After a couple of weeks spent offering words of reassurance and gentle admonition, Matthew McConaughey put some of his money where his mouth was (after carefully wiping it down). The actor and entrepreneur announced that his whiskey partners at Wild Turkey have pledged $1 million to Another Round Another Rally, a campaign supporting the many bartenders, waiters, and other service people who are currently out of work because of COVID-19-related closures. McConaughey urged his three-million-plus followers to join him in throwing in to the “virtual tip jar,” which has already collected more than $1 million in donations. I’m not sure how much of that you can credit to McConaughey directly—but of course, when Matthew McConaughey tells you to tip, you tip. 

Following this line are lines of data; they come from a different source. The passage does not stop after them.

lemma stage_pairing_functional_multiplier:
  "stage_pairing (functional_multiplier \<phi>) t y = (\<Sum>j\<in>reachable t. y j * \<phi> (indicator {j}))"
proof -
  have "\<beta> ^ t * functional_multiplier \<phi> h i * pit P s0 (fst h) * y (h, i)
      = (if hd (fst h) = s0 then y (h, i) * \<phi> (indicator {(h, i)}) else 0)" if "h \<in> hists t" for h i
    using stage_weight_functional_multiplier[OF that, of \<phi> i] by simp
  then have "stage_pairing (functional_multiplier \<phi>) t y
      = (\<Sum>h\<in>hists t. if hd (fst h) = s0 then (\<Sum>i<I. y (h, i) * \<phi> (indicator {(h, i)})) else 0)"
    unfolding stage_pairing_def by (intro sum.cong refl) auto
  also have "\<dots> = (\<Sum>h\<in>{h \<in> hists t. hd (fst h) = s0}. \<Sum>i<I. y (h, i) * \<phi> (indicator {(h, i)}))"
    by (rule sum.inter_filter[symmetric, OF finite_Hset[OF A_fin]])
  also have "\<dots> = (\<Sum>j\<in>reachable t. y j * \<phi> (indicator {j}))"
    unfolding reachable_def sum.cartesian_product by simp
  finally show ?thesis .
qed

lemma posdual_restrict_reachable_before:
  assumes \<phi>: "\<phi> \<in> posdual coords"
  shows "\<phi> (\<lambda>j. if j \<in> reachable_before T then y j else 0) = (\<Sum>t<T. stage_pairing (functional_multiplier \<phi>) t y)"
proof -
  have "finite (reachable_before T)"
    unfolding reachable_before_def using finite_reachable by auto
  then have "\<phi> (\<lambda>j. if j \<in> reachable_before T then y j else 0) = (\<Sum>j\<in>reachable_before T. y j * \<phi> (indicator {j}))"
    by (rule posdual_finite_restrict[OF \<phi> _ reachable_before_subset_coords])
  also have "\<dots> = (\<Sum>t<T. \<Sum>j\<in>reachable t. y j * \<phi> (indicator {j}))"
    unfolding reachable_before_def
    by (rule sum.UNION_disjoint) (auto simp: finite_reachable reachable_disjoint)
  finally show ?thesis unfolding stage_pairing_functional_multiplier .
qed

Meanwhile, McConaughey once again lent his voice to a new coronavirus PSA, this time targeted at all Americans, and with a notably more aggressive tone than his previous, “stay home if you can” message for Texans. The ad urges everyone to stay home, period, with McConaughey declaring, “We are at war with a virus … Staying home is not a retreat. It’s the most brave and aggressive weapon we have against this enemy.” Even in Matthew McConaughey’s usual warm, gregarious intonations, the language has taken on decidedly more urgency and gravity, as befits the moment. Hopefully it’s enough to convince any remaining stragglers and skeptics to start taking this thing seriously, before McConaughey has to start calling them out by name.